On the first day of Christmas break, I got really sick for an extremely short amount of time. My wife and I had been driving all day to trade gifts with friends, then to her parents' house, where we were going to spend the first of two Christmases. After doing some last minute shopping, I got a really bad chill while walking through her parents' garage. I hurried inside and bundled up in a blanket, but it didn’t get any better. Eventually I collected a hefty pile of four or five blankets and that started to help. I had been feeling perfectly fine an hour before, and now I had a fever of 102°F.

It wasn’t how I wanted to spend my Christmas and, thankfully, by the next day I was mostly back to normal. The fever was gone in less than 24 hours. But, the sudden onset of such severe symptoms struck me as deeply strange. In fact, it felt more like how things work in video games than how I usually get sick in real-life.

Stardew Valley character mining with a pickaxe

Specifically, it reminded me of how things work inStardew Valley. In ConcernedApe’s modern classic, your jack-of-all-trades farmer can spend all their days in the mines if they want to, looking for loot and fighting monsters. But, if you stay past a certain time, your farmer will collapse and wake up at home the next morning with a note in the mailbox explaining that a concerned neighbor found you and brought you home. The idea is that, if you work too hard for too long, your body will take matters into its own hands and just shut down — even if you’re surrounded by dangerous monsters.
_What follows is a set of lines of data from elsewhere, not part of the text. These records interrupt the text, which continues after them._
(* Let $n\in\mathbb{N}$ and let $M\models \mathrm{I}\Delta_0$. Suppose $M$ admits a proper $\Sigma_{n+2}$-elementary end extension $K$ with $K\models \mathrm{B}\Sigma_{n+1}$. Then for every $a\in M$ and every $\Pi_{n+1}$-formula $\phi(x,y)$ with parameters from $M$, \[M\models \forall x\,\exists y<a\,\phi(x,y)\;\rightarrow\;\exists y<a\,\forall b\,\exists x>b\,\phi(x,y).\]
   Context: All theories contain $\mathrm{PA}^-$ (the theory of non-negative parts of discretely ordered rings). $\mathrm{I}\Delta_0$ is bounded induction; $\mathrm{B}\Sigma_{k}$ is the $\Sigma_k$-collection scheme $\forall x<a\,\exists y\,\phi(x,y)\to\exists b\,\forall x<a\,\exists y<b\,\phi(x,y)$ for $\Sigma_k$ formulas $\phi$ (with parameters), taken together with $\mathrm{I}\Delta_0$. An extension $M\subseteq K$ of models of first-order arithmetic is $\Sigma_k$-elementary if every $\Sigma_k$ formula with parameters from $M$ has the same truth value in $M$ and $K$; it is an end extension if every element of $K\setminus M$ is greater than every element of $M$; it is proper if $K\neq M$. *)

theory Defs
  imports Main
begin

datatype trm = Var nat | Zero | One | Plus trm trm | Times trm trm

datatype fm =
    Eq trm trm
  | Lt trm trm
  | Neg fm
  | Conj fm fm
  | Disj fm fm
  | Ex nat fm
  | All nat fm

fun trm_vars :: "trm \<Rightarrow> nat set" where
  "trm_vars (Var i) = {i}"
| "trm_vars Zero = {}"
| "trm_vars One = {}"
| "trm_vars (Plus s t) = trm_vars s \<union> trm_vars t"
| "trm_vars (Times s t) = trm_vars s \<union> trm_vars t"

definition BEx :: "nat \<Rightarrow> trm \<Rightarrow> fm \<Rightarrow> fm" where
  "BEx x t \<phi> = Ex x (Conj (Lt (Var x) t) \<phi>)"
definition BAll :: "nat \<Rightarrow> trm \<Rightarrow> fm \<Rightarrow> fm" where
  "BAll x t \<phi> = All x (Disj (Neg (Lt (Var x) t)) \<phi>)"

inductive delta0 :: "fm \<Rightarrow> bool" where
  "delta0 (Eq s t)"
| "delta0 (Lt s t)"
| "delta0 \<phi> \<Longrightarrow> delta0 (Neg \<phi>)"
| "delta0 \<phi> \<Longrightarrow> delta0 \<psi> \<Longrightarrow> delta0 (Conj \<phi> \<psi>)"
| "delta0 \<phi> \<Longrightarrow> delta0 \<psi> \<Longrightarrow> delta0 (Disj \<phi> \<psi>)"
| "x \<notin> trm_vars t \<Longrightarrow> delta0 \<phi> \<Longrightarrow> delta0 (BEx x t \<phi>)"
| "x \<notin> trm_vars t \<Longrightarrow> delta0 \<phi> \<Longrightarrow> delta0 (BAll x t \<phi>)"

inductive sigma :: "nat \<Rightarrow> fm \<Rightarrow> bool" and pi :: "nat \<Rightarrow> fm \<Rightarrow> bool" where
  "delta0 \<phi> \<Longrightarrow> sigma 0 \<phi>"
| "delta0 \<phi> \<Longrightarrow> pi 0 \<phi>"
| "pi n \<phi> \<Longrightarrow> sigma (Suc n) \<phi>"
| "sigma (Suc n) \<phi> \<Longrightarrow> sigma (Suc n) (Ex x \<phi>)"
| "sigma n \<phi> \<Longrightarrow> pi (Suc n) \<phi>"
| "pi (Suc n) \<phi> \<Longrightarrow> pi (Suc n) (All x \<phi>)"

record 'a struc =
  dom :: "'a set"
  zer :: 'a
  one :: 'a
  pls :: "'a \<Rightarrow> 'a \<Rightarrow> 'a"
  tms :: "'a \<Rightarrow> 'a \<Rightarrow> 'a"
  lss :: "'a \<Rightarrow> 'a \<Rightarrow> bool"

fun eval :: "'a struc \<Rightarrow> (nat \<Rightarrow> 'a) \<Rightarrow> trm \<Rightarrow> 'a" where
  "eval M e (Var i) = e i"
| "eval M e Zero = zer M"
| "eval M e One = one M"
| "eval M e (Plus s t) = pls M (eval M e s) (eval M e t)"
| "eval M e (Times s t) = tms M (eval M e s) (eval M e t)"

fun sat :: "'a struc \<Rightarrow> (nat \<Rightarrow> 'a) \<Rightarrow> fm \<Rightarrow> bool" where
  "sat M e (Eq s t) = (eval M e s = eval M e t)"
| "sat M e (Lt s t) = lss M (eval M e s) (eval M e t)"
| "sat M e (Neg \<phi>) = (\<not> sat M e \<phi>)"
| "sat M e (Conj \<phi> \<psi>) = (sat M e \<phi> \<and> sat M e \<psi>)"
| "sat M e (Disj \<phi> \<psi>) = (sat M e \<phi> \<or> sat M e \<psi>)"
| "sat M e (Ex x \<phi>) = (\<exists>a\<in>dom M. sat M (e(x := a)) \<phi>)"
| "sat M e (All x \<phi>) = (\<forall>a\<in>dom M. sat M (e(x := a)) \<phi>)"

definition env :: "'a struc \<Rightarrow> (nat \<Rightarrow> 'a) \<Rightarrow> bool" where
  "env M e \<longleftrightarrow> (\<forall>i. e i \<in> dom M)"

text \<open>PA^-: non-negative parts of discretely ordered rings (axioms as in Kaye).\<close>
definition PAminus :: "'a struc \<Rightarrow> bool" where
  "PAminus M \<longleftrightarrow>
     zer M \<in> dom M \<and> one M \<in> dom M \<and>
     (\<forall>x\<in>dom M. \<forall>y\<in>dom M. pls M x y \<in> dom M \<and> tms M x y \<in> dom M) \<and>
     (\<forall>x\<in>dom M. \<forall>y\<in>dom M. \<forall>z\<in>dom M.
        pls M x y = pls M y x \<and>
        pls M (pls M x y) z = pls M x (pls M y z) \<and>
        tms M x y = tms M y x \<and>
        tms M (tms M x y) z = tms M x (tms M y z) \<and>
        pls M x (zer M) = x \<and>
        tms M x (zer M) = zer M \<and>
        tms M x (one M) = x \<and>
        tms M x (pls M y z) = pls M (tms M x y) (tms M x z) \<and>
        \<not> lss M x x \<and>
        (lss M x y \<and> lss M y z \<longrightarrow> lss M x z) \<and>
        (lss M x y \<or> x = y \<or> lss M y x) \<and>
        (lss M x y \<longrightarrow> lss M (pls M x z) (pls M y z)) \<and>
        (lss M (zer M) z \<and> lss M x y \<longrightarrow> lss M (tms M x z) (tms M y z)) \<and>
        (lss M x y \<longrightarrow> (\<exists>w\<in>dom M. pls M x w = y)) \<and>
        (lss M (zer M) x \<longrightarrow> (one M = x \<or> lss M (one M) x)) \<and>
        (zer M = x \<or> lss M (zer M) x)) \<and>
     lss M (zer M) (one M)"

definition IDelta0 :: "'a struc \<Rightarrow> bool" where
  "IDelta0 M \<longleftrightarrow> PAminus M \<and>
     (\<forall>\<phi> x e. delta0 \<phi> \<longrightarrow> env M e \<longrightarrow>
        sat M (e(x := zer M)) \<phi> \<longrightarrow>
        (\<forall>a\<in>dom M. sat M (e(x := a)) \<phi> \<longrightarrow> sat M (e(x := pls M a (one M))) \<phi>) \<longrightarrow>
        (\<forall>a\<in>dom M. sat M (e(x := a)) \<phi>))"

definition BSigma :: "nat \<Rightarrow> 'a struc \<Rightarrow> bool" where
  "BSigma k M \<longleftrightarrow> IDelta0 M \<and>
     (\<forall>\<phi> x y e. sigma k \<phi> \<longrightarrow> x \<noteq> y \<longrightarrow> env M e \<longrightarrow>
        (\<forall>a\<in>dom M.
          (\<forall>u\<in>dom M. lss M u a \<longrightarrow> (\<exists>v\<in>dom M. sat M (e(x := u, y := v)) \<phi>)) \<longrightarrow>
          (\<exists>b\<in>dom M. \<forall>u\<in>dom M. lss M u a \<longrightarrow>
              (\<exists>v\<in>dom M. lss M v b \<and> sat M (e(x := u, y := v)) \<phi>))))"

definition substructure :: "'a struc \<Rightarrow> 'a struc \<Rightarrow> bool" where
  "substructure M K \<longleftrightarrow> dom M \<subseteq> dom K \<and> zer M = zer K \<and> one M = one K \<and>
     (\<forall>x\<in>dom M. \<forall>y\<in>dom M. pls M x y = pls K x y \<and> tms M x y = tms K x y
        \<and> (lss M x y \<longleftrightarrow> lss K x y))"

definition sigma_elementary :: "nat \<Rightarrow> 'a struc \<Rightarrow> 'a struc \<Rightarrow> bool" where
  "sigma_elementary k M K \<longleftrightarrow> substructure M K \<and>
     (\<forall>\<phi> e. sigma k \<phi> \<longrightarrow> env M e \<longrightarrow> (sat M e \<phi> \<longleftrightarrow> sat K e \<phi>))"

definition end_extension :: "'a struc \<Rightarrow> 'a struc \<Rightarrow> bool" where
  "end_extension M K \<longleftrightarrow> substructure M K \<and>
     (\<forall>x\<in>dom K - dom M. \<forall>y\<in>dom M. lss K y x)"

definition proper_extension :: "'a struc \<Rightarrow> 'a struc \<Rightarrow> bool" where
  "proper_extension M K \<longleftrightarrow> substructure M K \<and> dom K \<noteq> dom M"

end

theory Submission
  imports Defs
begin

text \<open>
  Fix \<open>c \<in> K - M\<close>. Collection in \<open>K\<close> makes the \<open>\<Sigma>\<^sub>n\<^sub>+\<^sub>1\<close> formulas closed, up to equivalence
  in \<open>K\<close>, under \<open>\<and>\<close>, \<open>\<or>\<close> and bounded quantification, so \<open>\<forall>y<a. \<not> \<phi>(x, y)\<close> is equivalent in \<open>K\<close>
  to a \<open>\<Sigma>\<^sub>n\<^sub>+\<^sub>1\<close> formula and \<open>b < x \<and> \<phi>(x, y)\<close> to a \<open>\<Pi>\<^sub>n\<^sub>+\<^sub>1\<close> formula. If \<open>K\<close> satisfied
  \<open>\<forall>y<a. \<not> \<phi>(c, y)\<close>, the \<open>\<Sigma>\<^sub>n\<^sub>+\<^sub>2\<close> statement \<open>\<exists>x \<forall>y<a. \<not> \<phi>(x, y)\<close> would reflect to \<open>M\<close>, against
  the hypothesis. Hence \<open>K \<Turnstile> \<phi>(c, v)\<close> for some \<open>v < a\<close>, and \<open>v \<in> M\<close> since \<open>K\<close> end-extends \<open>M\<close>.
  For each \<open>b \<in> M\<close>, \<open>c\<close> witnesses the \<open>\<Sigma>\<^sub>n\<^sub>+\<^sub>2\<close> statement \<open>\<exists>x. b < x \<and> \<phi>(x, v)\<close> in \<open>K\<close>,
  which again reflects to \<open>M\<close>.
\<close>

fun fv :: "fm \<Rightarrow> nat set" where
  "fv (Eq s t) = trm_vars s \<union> trm_vars t"
| "fv (Lt s t) = trm_vars s \<union> trm_vars t"
| "fv (Neg \<phi>) = fv \<phi>"
| "fv (Conj \<phi> \<psi>) = fv \<phi> \<union> fv \<psi>"
| "fv (Disj \<phi> \<psi>) = fv \<phi> \<union> fv \<psi>"
| "fv (Ex x \<phi>) = fv \<phi> - {x}"
| "fv (All x \<phi>) = fv \<phi> - {x}"

lemma finite_trm_vars: "finite (trm_vars t)"
  by (induction t) auto

lemma finite_fv: "finite (fv \<phi>)"
  by (induction \<phi>) (auto simp: finite_trm_vars)

lemma eval_cong: "\<forall>i\<in>trm_vars t. e i = e' i \<Longrightarrow> eval M e t = eval M e' t"
  by (induction t) auto

lemma sat_cong: "\<forall>i\<in>fv \<phi>. e i = e' i \<Longrightarrow> sat M e \<phi> = sat M e' \<phi>"
proof (induction \<phi> arbitrary: e e')
  case (Ex x \<phi>)
  have "\<And>a. sat M (e(x := a)) \<phi> = sat M (e'(x := a)) \<phi>"
    by (rule Ex.IH) (use Ex.prems in auto)
  then show ?case by simp
next
  case (All x \<phi>)
  have "\<And>a. sat M (e(x := a)) \<phi> = sat M (e'(x := a)) \<phi>"
    by (rule All.IH) (use All.prems in auto)
  then show ?case by simp
next
  case (Eq s t)
  then show ?case using eval_cong[of s e e' M] eval_cong[of t e e' M] by simp
next
  case (Lt s t)
  then show ?case using eval_cong[of s e e' M] eval_cong[of t e e' M] by simp
qed (simp_all, (metis UnCI)+)

lemma sat_fun_upd_fresh: "x \<notin> fv \<phi> \<Longrightarrow> sat M (e(x := a)) \<phi> = sat M e \<phi>"
  by (rule sat_cong) auto

lemma env_fun_upd: "env M e \<Longrightarrow> a \<in> dom M \<Longrightarrow> env M (e(x := a))"
  by (simp add: env_def)

lemma sat_BEx_Var:
  "x \<noteq> v \<Longrightarrow> sat M e (BEx x (Var v) \<phi>) \<longleftrightarrow> (\<exists>a\<in>dom M. lss M a (e v) \<and> sat M (e(x := a)) \<phi>)"
  by (simp add: BEx_def)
Now, I haven’t been doing hard manual labor, like mining for precious ores or fighting angry crabs. But I did spend the last few months of the year burning the midnight oil, working on my work, dumping time into projects outside of work, and trying to cram in as many games as I could before making my GOTY list earlier this month. The thing is, when I get worn out with work, I tend to work slower, which means that I end up staying at my desk longer just to get the same amount done. I kept it up until last Friday when I headed off for a four-day break. My body seems to have taken that four-day break as permission to force me to take the rest I needed.

I didn’t even have a good time, either. Getting sick during vacation sucks as a kid who doesn’t get to miss school, and it sucks as an adult, too. I felt terrible, so I didn’t play any video games or watch any movies or read any books. I just laid in bed at my in-laws house and looked at my phone. I occasionally mustered the energy to watch a longer video, like the interview Steven Spielberg recently did with Bradley Cooper about Maestro. But mostly, I just looked at Twitter and took short, sweaty naps.

It sucked, but it forced me to stop being productive and start recharging. And that’s productive, too, in its own way. And, thankfully, unlike in Stardew Valley, there were no monsters preying on my downfall. Just helpful neighbors carrying me home from the mines.